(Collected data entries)
BEGIN
(* Let $\tau(s,t)$ (write $\mathcal F=\log\tau$) and $\phi_0(s,t)$ be functions satisfying, as an identity of formal series in $z_1^{-1},z_2^{-1}$, $$z_1\exp\Bigl(\sum_{n\ge1}\frac1n\frac{\partial\phi_0}{\partial t_n}z_1^{-n}\Bigr)-z_2\exp\Bigl(\sum_{n\ge1}\frac1n\frac{\partial\phi_0}{\partial t_n}z_2^{-n}\Bigr)=(z_1-z_2)\exp\Bigl(\sum_{m,n\ge1}\frac{1}{mn}\frac{\partial^2\mathcal F}{\partial t_m\partial t_n}z_1^{-m}z_2^{-n}\Bigr).$$ Let $\mathsf k(z;s,t):=z\exp\bigl(\sum_{n\ge1}\frac1n\frac{\partial\phi_0}{\partial t_n}z^{-n}\bigr)$, let $\mathcal L(k;s,t)$ be its formal inverse series in $z$, and define the series $\mathcal P(k;s,t)$ by $$\mathcal P(\mathsf k(z;s,t);s,t)=\exp\Bigl(\frac{\partial\phi_0}{\partial s}\Bigr)z^N\exp\Bigl(-\sum_{n\ge1}\frac1n\frac{\partial^2\mathcal F}{\partial s\,\partial t_n}z^{-n}\Bigr).$$ Then $(\mathcal L,\mathcal P)$ satisfies the $N$-dcmKP hierarchy in the generalized sense (with $x$ identified with $t_1$).
   Context: Fix a positive integer $N$. Variables: $s$ (continuous), $t=(t_1,t_2,\dots)$, with $x$ identified with $t_1$. Poisson bracket $\{f,g\}=\frac{\partial f}{\partial k}\frac{\partial g}{\partial x}-\frac{\partial f}{\partial x}\frac{\partial g}{\partial k}$ (with $\partial_x=\partial_{t_1}$). For $\mathcal L=k+\sum_{n\ge1}u_nk^{1-n}$ and $\mathcal P$, the $N$-dcmKP hierarchy is $\partial_{t_n}\mathcal L=\{\mathcal B_n,\mathcal L\}$ with $\mathcal B_n:=(\mathcal L^n)_{>0}$ (projection onto positive powers of $k$), $\partial_s\mathcal L=\{\log\mathcal P,\mathcal L\}$, $\partial_{t_n}\log\mathcal P=\partial_s\mathcal B_n-\{\log\mathcal P,\mathcal B_n\}$, $n\ge1$. "In the generalized sense" means $\mathcal P$ is allowed to be any formal series $\mathcal P=p_0k^N+\sum_{n\ge1}p_nk^{N-n}$ with $p_0\ne0$ (possibly infinitely many non-positive powers), with $\log\mathcal P:=\log p_0+N\log k+\log(1+\sum_{n\ge1}(p_n/p_0)k^{-n})$ expanded in $k^{-1}$. *)

theory Defs
  imports "HOL-Analysis.Analysis" "HOL-Computational_Algebra.Formal_Laurent_Series"
begin
lemma cylinder_indices_cases:
  assumes "0 \<le> y" "y < 1"
  obtains "y = 0"
  | m where "1 \<le> m" "y = OOCF_node m"
  | j where "1 \<le> j" "OOCF_node (j - 1) < y" "y < OOCF_node j"
proof -
  define j where "j = (LEAST j. y < OOCF_node j)"
  have above: "y < OOCF_node j"
    unfolding j_def using ex_less_OOCF_node[OF assms(2)] by (rule LeastI_ex)
  then have "1 \<le> j"
    using assms(1) by (cases j) auto
  then have "\<not> y < OOCF_node (j - 1)"
    unfolding j_def by (metis Least_le diff_less leD zero_less_one less_le_trans)
  then consider "OOCF_node (j - 1) < y" | "y = OOCF_node (j - 1)"
    by linarith
  then show ?thesis
  proof cases
    case 2
    show ?thesis
    proof (cases "j = 1")
      case False
      then show ?thesis
        using that(2)[of "j - 1"] 2 \<open>1 \<le> j\<close> by simp
    qed (use that(1) 2 in simp)
  qed (use that(3) \<open>1 \<le> j\<close> above in blast)
qed

lemma pos_nat_parity_cases:
  assumes "1 \<le> (j::nat)"
  obtains i where "j = 2 * i + 1" | i where "j = 2 * i + 2"
proof (cases "odd j")
  case True
  then show ?thesis
    using that(1) by (metis oddE)
next
  case False
  then obtain i where "j = 2 * i"
    by blast
  with assms have "j = 2 * (i - 1) + 2"
    by simp
  then show ?thesis
    using that(2) by blast
qed

definition OOCF_digit :: "nat \<Rightarrow> nat \<times> int" where
  "OOCF_digit j = (if odd j then ((j + 3) div 2, -1) else (j div 2, 1))"

lemma OOCF_digit_odd: "OOCF_digit (2 * i + 1) = (i + 2, -1)"
  unfolding OOCF_digit_def by simp

lemma OOCF_digit_even: "OOCF_digit (2 * i + 2) = (i + 1, 1)"
  unfolding OOCF_digit_def by simp

lemma inj_OOCF_digit: "inj OOCF_digit"
proof (rule injI)
  fix a b
  assume "OOCF_digit a = OOCF_digit b"
  then show "a = b"
    unfolding OOCF_digit_def by (auto split: if_splits) presburger+
qed

lemma OOCF_B_minus: "OOCF_B (i + 2) (-1) = {OOCF_node (2 * i) .. OOCF_node (2 * i + 1)}"
  unfolding OOCF_B_def OOCF_node_even OOCF_node_odd by (simp add: Let_def algebra_simps)

lemma OOCF_B_plus: "OOCF_B (i + 1) 1 = {OOCF_node (2 * i + 1) .. OOCF_node (2 * i + 2)}"
  unfolding OOCF_B_def OOCF_node_even_Suc OOCF_node_odd by (simp add: Let_def algebra_simps)

lemma OOCF_B_digit:
  assumes "1 \<le> j"
  shows "OOCF_B (fst (OOCF_digit j)) (snd (OOCF_digit j)) = {OOCF_node (j - 1) .. OOCF_node j}"
  using assms
proof (cases rule: pos_nat_parity_cases)
  case (1 i)
  then show ?thesis by (simp only: OOCF_digit_odd fst_conv snd_conv OOCF_B_minus) simp
next
  case (2 i)
  then show ?thesis by (simp only: OOCF_digit_even fst_conv snd_conv OOCF_B_plus) simp
qed

lemma OOCF_digits_eq_image: "OOCF_digits = OOCF_digit ` {1..}"
proof (intro equalityI subsetI)
  fix d
  assume "d \<in> OOCF_digits"
  then consider "d = (1, 1)" | a where "d = (a, -1)" "2 \<le> a" | a where "d = (a, 1)" "2 \<le> a"
    unfolding OOCF_digits_def by auto
  then show "d \<in> OOCF_digit ` {1..}"
  proof cases
    case 1
    then show ?thesis
      by (intro image_eqI[of _ _ 2]) (auto simp: OOCF_digit_def)
  next
    case (2 a)
    then show ?thesis
      using OOCF_digit_odd[of "a - 2"] by (intro image_eqI[of _ _ "2 * (a - 2) + 1"]) auto
  next
    case (3 a)
    then show ?thesis
      using OOCF_digit_even[of "a - 1"] by (intro image_eqI[of _ _ "2 * (a - 1) + 2"]) auto
  qed
next
  fix d
  assume "d \<in> OOCF_digit ` {1..}"
  then obtain j where "1 \<le> j" "d = OOCF_digit j"
    by auto
  from \<open>1 \<le> j\<close> show "d \<in> OOCF_digits"
  proof (cases rule: pos_nat_parity_cases)
    case (1 i)
    then show ?thesis by (simp only: \<open>d = OOCF_digit j\<close> OOCF_digit_odd) (simp add: OOCF_digits_def)
  next
    case (2 i)
    then show ?thesis by (simp only: \<open>d = OOCF_digit j\<close> OOCF_digit_even) (auto simp: OOCF_digits_def)
  qed
qed

definition admissible_digits :: "real \<Rightarrow> (nat \<times> int) set" where
  "admissible_digits y = {d \<in> OOCF_digits. y \<in> OOCF_B (fst d) (snd d)}"

lemma admissible_digits_eq_image: "admissible_digits y = OOCF_digit ` cylinder_indices y"
  unfolding admissible_digits_def OOCF_digits_eq_image cylinder_indices_def
  using OOCF_B_digit by fastforce

lemma admissible_digits_0: "admissible_digits 0 = {(2, -1)}"
  by (simp add: admissible_digits_eq_image cylinder_indices_0 OOCF_digit_def)

text \<open>On the block [OOCF_node (2 * i), OOCF_node (2 * i + 2)] = B(i + 2, -1) \<union> B(i + 1, 1),
  these are (i + 1) (y - OOCF_node (2 * i)) and (i + 2) (OOCF_node (2 * i + 2) - y).\<close>

definition left_dist :: "nat \<Rightarrow> real \<Rightarrow> real" where
  "left_dist i y = (real i + 1) * y - real i"

definition right_dist :: "nat \<Rightarrow> real \<Rightarrow> real" where
  "right_dist i y = (real i + 1) - (real i + 2) * y"

lemma left_plus_right_dist: "left_dist i y + right_dist i y = 1 - y"
  unfolding left_dist_def right_dist_def by (simp add: algebra_simps)

lemma left_dist_nonneg_iff: "0 \<le> left_dist i y \<longleftrightarrow> OOCF_node (2 * i) \<le> y"
  unfolding left_dist_def OOCF_node_even by (simp add: divide_le_eq algebra_simps)

lemma left_dist_pos_iff: "0 < left_dist i y \<longleftrightarrow> OOCF_node (2 * i) < y"
  unfolding left_dist_def OOCF_node_even by (simp add: divide_less_eq algebra_simps)

lemma right_dist_nonneg_iff: "0 \<le> right_dist i y \<longleftrightarrow> y \<le> OOCF_node (2 * i + 2)"
  unfolding right_dist_def OOCF_node_even_Suc by (simp add: le_divide_eq algebra_simps)

lemma right_dist_pos_iff: "0 < right_dist i y \<longleftrightarrow> y < OOCF_node (2 * i + 2)"
  unfolding right_dist_def OOCF_node_even_Suc by (simp add: less_divide_eq algebra_simps)

lemma left_le_right_dist_iff: "left_dist i y \<le> right_dist i y \<longleftrightarrow> y \<le> OOCF_node (2 * i + 1)"
  unfolding left_dist_def right_dist_def OOCF_node_odd by (simp add: le_divide_eq algebra_simps)

lemma right_le_left_dist_iff: "right_dist i y \<le> left_dist i y \<longleftrightarrow> OOCF_node (2 * i + 1) \<le> y"
  unfolding left_dist_def right_dist_def OOCF_node_odd by (simp add: divide_le_eq algebra_simps)

lemma OOCF_T_minus:
  assumes "y \<in> {OOCF_node (2 * i) .. OOCF_node (2 * i + 1)}"
  shows "OOCF_T y = left_dist i y / right_dist i y"
proof -
  let ?P = "\<lambda>k::nat. 1 \<le> k \<and> y \<in> OOCF_B (k + 1) (-1)"
  have P: "?P (i + 1)"
    using assms OOCF_B_minus[of i] by (simp add: numeral_2_eq_2)
  have "k = i + 1" if "?P k" for k
  proof -
    define i' where "i' = k - 1"
    have "k = i' + 1"
      using that by (simp add: i'_def)
    then have "2 * i' + 1 \<in> cylinder_indices y" "2 * i + 1 \<in> cylinder_indices y"
      using that assms OOCF_B_minus[of i'] by (auto simp: cylinder_indices_def numeral_2_eq_2)
    then show ?thesis
      using \<open>k = i' + 1\<close> cylinder_indices_same_parity by blast
  qed
  with P have k: "(SOME k. ?P k) = i + 1"
    by (rule some_equality)
  have "y \<noteq> 1"
    using assms OOCF_node_less_1[of "2 * i + 1"] by auto
  moreover have "\<exists>k. ?P k"
    using P by blast
  ultimately have "OOCF_T y = (let k = real (SOME k. ?P k) in (k * y - (k - 1)) / (k - (k + 1) * y))"
    unfolding OOCF_T_def by simp
  then show ?thesis
    unfolding k left_dist_def right_dist_def by (simp add: Let_def add.commute)
qed

lemma OOCF_T_plus:
  assumes y: "y \<in> {OOCF_node (2 * i + 1) .. OOCF_node (2 * i + 2)}"
  shows "OOCF_T y = right_dist i y / left_dist i y"
proof (cases "\<exists>k::nat. 1 \<le> k \<and> y \<in> OOCF_B (k + 1) (-1)")
  case True
  \<comment> \<open>then y is a common endpoint with a minus cylinder, where both branches agree\<close>
  then obtain k where k: "1 \<le> k" "y \<in> OOCF_B (k + 1) (-1)"
    by blast
  define i' where "i' = k - 1"
  have y': "y \<in> {OOCF_node (2 * i') .. OOCF_node (2 * i' + 1)}"
    using k OOCF_B_minus[of i'] by (simp add: i'_def numeral_2_eq_2)
  then have "2 * i' + 1 \<in> cylinder_indices y" "2 * i + 2 \<in> cylinder_indices y"
    using y by (auto simp: cylinder_indices_def)
  then have "2 * i' + 1 \<le> Suc (2 * i + 2)" "2 * i + 2 \<le> Suc (2 * i' + 1)"
    by (blast intro: cylinder_indices_le_Suc)+
  then consider "i' = i" | "i' = i + 1"
    by linarith
  then show ?thesis
  proof cases
    case 1
    then have "left_dist i y = right_dist i y" "0 < right_dist i y"
      using y y' left_le_right_dist_iff right_le_left_dist_iff right_dist_pos_iff
      by (auto simp: OOCF_node_less_iff intro: order_antisym)
    then show ?thesis
      using OOCF_T_minus[OF y'] 1 by simp
  next
    case 2
    then have "left_dist i' y = 0" "right_dist i y = 0"
      using y y' left_dist_nonneg_iff[of i' y] right_dist_nonneg_iff[of i y]
        left_dist_pos_iff[of i' y] right_dist_pos_iff[of i y]
      by (auto simp: algebra_simps)
    then show ?thesis
      using OOCF_T_minus[OF y'] by simp
  qed
next
  case False
  let ?P = "\<lambda>k::nat. 1 \<le> k \<and> y \<in> OOCF_B k 1"
  have P: "?P (i + 1)"
    using y OOCF_B_plus[of i] by simp
  have "k = i + 1" if "?P k" for k
  proof -
    define i' where "i' = k - 1"
    have "k = i' + 1"
      using that by (simp add: i'_def)
    then have "2 * i' + 2 \<in> cylinder_indices y" "2 * i + 2 \<in> cylinder_indices y"
      using that y OOCF_B_plus[of i'] by (auto simp: cylinder_indices_def)
    then show ?thesis
      using \<open>k = i' + 1\<close> cylinder_indices_same_parity by blast
  qed
  with P have k: "(SOME k. ?P k) = i + 1"
    by (rule some_equality)
  have "y \<noteq> 1"
    using y OOCF_node_less_1[of "2 * i + 2"] by auto
  then have "OOCF_T y = (let k = real (SOME k. ?P k) in (k - (k + 1) * y) / (k * y - (k - 1)))"
    unfolding OOCF_T_def using False by (simp only: if_False)
  then show ?thesis
    unfolding k left_dist_def right_dist_def by (simp add: Let_def add.commute)
qed

lemma OOCF_T_block:
  assumes y: "y \<in> {OOCF_node (2 * i) .. OOCF_node (2 * i + 2)}"
  shows "OOCF_T y = min (left_dist i y) (right_dist i y) / max (left_dist i y) (right_dist i y)"
proof (cases "y \<le> OOCF_node (2 * i + 1)")
  case True
  then show ?thesis
    using y OOCF_T_minus[of y i] left_le_right_dist_iff[of i y] by simp
next
  case False
  then show ?thesis
    using y OOCF_T_plus[of y i] right_le_left_dist_iff[of i y] by simp
qed

lemma OOCF_block_exists:
  assumes "0 \<le> y" "y < 1"
  obtains i where "y \<in> {OOCF_node (2 * i) .. OOCF_node (2 * i + 2)}"
proof -
  obtain j where "y < OOCF_node j"
    using ex_less_OOCF_node[OF assms(2)] by blast
  then have ex: "\<exists>i. y \<le> OOCF_node (2 * i + 2)"
    using OOCF_node_le_iff[of j "2 * j + 2"] by (intro exI[of _ j]) simp
  define i where "i = (LEAST i. y \<le> OOCF_node (2 * i + 2))"
  have "y \<le> OOCF_node (2 * i + 2)"
    unfolding i_def using ex by (rule LeastI_ex)
  moreover have "OOCF_node (2 * i) \<le> y"
  proof (cases i)
    case (Suc i')
    then have "\<not> y \<le> OOCF_node (2 * i' + 2)"
      using not_less_Least[of i' "\<lambda>i. y \<le> OOCF_node (2 * i + 2)"] i_def by simp
    then show ?thesis
      using Suc by simp
  qed (use assms in simp)
  ultimately show ?thesis
    using that by simp
qed

lemma OOCF_T_1 [simp]: "OOCF_T 1 = 1"
  by (simp add: OOCF_T_def)

lemma OOCF_T_range:
  assumes "0 \<le> y" "y \<le> 1"
  shows "0 \<le> OOCF_T y \<and> OOCF_T y \<le> 1"
proof (cases "y = 1")
  case False
  with assms have "y < 1"
    by simp
  then obtain i where y: "y \<in> {OOCF_node (2 * i) .. OOCF_node (2 * i + 2)}"
    using assms(1) OOCF_block_exists by blast
  then have "0 \<le> left_dist i y" "0 \<le> right_dist i y"
    by (simp_all add: left_dist_nonneg_iff right_dist_nonneg_iff)
  then show ?thesis
    unfolding OOCF_T_block[OF y] by (auto simp: min_def max_def divide_le_eq_1)
qed simp

lemma OOCF_T_OOCF_node: "OOCF_T (OOCF_node m) = 0 \<or> OOCF_T (OOCF_node m) = 1"
proof (cases "even m")
  case True
  then obtain i where m: "m = 2 * i"
    by blast
  have y: "OOCF_node (2 * i) \<in> {OOCF_node (2 * i) .. OOCF_node (2 * i + 2)}"
    by (simp add: OOCF_node_le_iff)
  have "left_dist i (OOCF_node (2 * i)) = 0"
    unfolding left_dist_def OOCF_node_even by (simp add: field_simps)
  moreover have "0 \<le> right_dist i (OOCF_node (2 * i))"
    by (simp add: right_dist_nonneg_iff OOCF_node_le_iff)
  ultimately show ?thesis
    unfolding m OOCF_T_block[OF y] by simp
next
  case False
  then obtain i where m: "m = 2 * i + 1"
    using oddE by blast
  have y: "OOCF_node (2 * i + 1) \<in> {OOCF_node (2 * i) .. OOCF_node (2 * i + 2)}"
    by (simp add: OOCF_node_le_iff)
  have "left_dist i (OOCF_node (2 * i + 1)) = right_dist i (OOCF_node (2 * i + 1))"
    unfolding left_dist_def right_dist_def OOCF_node_odd by (simp add: field_simps)
  moreover have "0 < right_dist i (OOCF_node (2 * i + 1))"
    by (simp add: right_dist_pos_iff OOCF_node_less_iff)
  ultimately show ?thesis
    unfolding m OOCF_T_block[OF y] by simp
qed

lemma OOCF_T_0 [simp]: "OOCF_T 0 = 0"
  using OOCF_T_block[of 0 0] by (simp add: left_dist_def right_dist_def OOCF_node_nonneg)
END
Exercise instructions: Could you copy every line from the records that mentions the word "open"?

Answer to the exercise:
        using that(2)[of "j - 1"] 2 \<open>1 \<le> j\<close> by simp
  qed (use that(3) \<open>1 \<le> j\<close> above in blast)
  from \<open>1 \<le> j\<close> show "d \<in> OOCF_digits"
    then show ?thesis by (simp only: \<open>d = OOCF_digit j\<close> OOCF_digit_odd) (simp add: OOCF_digits_def)
    then show ?thesis by (simp only: \<open>d = OOCF_digit j\<close> OOCF_digit_even) (auto simp: OOCF_digits_def)
text \<open>On the block [OOCF_node (2 * i), OOCF_node (2 * i + 2)] = B(i + 2, -1) \<union> B(i + 1, 1),
      using \<open>k = i' + 1\<close> cylinder_indices_same_parity by blast
  \<comment> \<open>then y is a common endpoint with a minus cylinder, where both branches agree\<close>
      using \<open>k = i' + 1\<close> cylinder_indices_same_parity by blast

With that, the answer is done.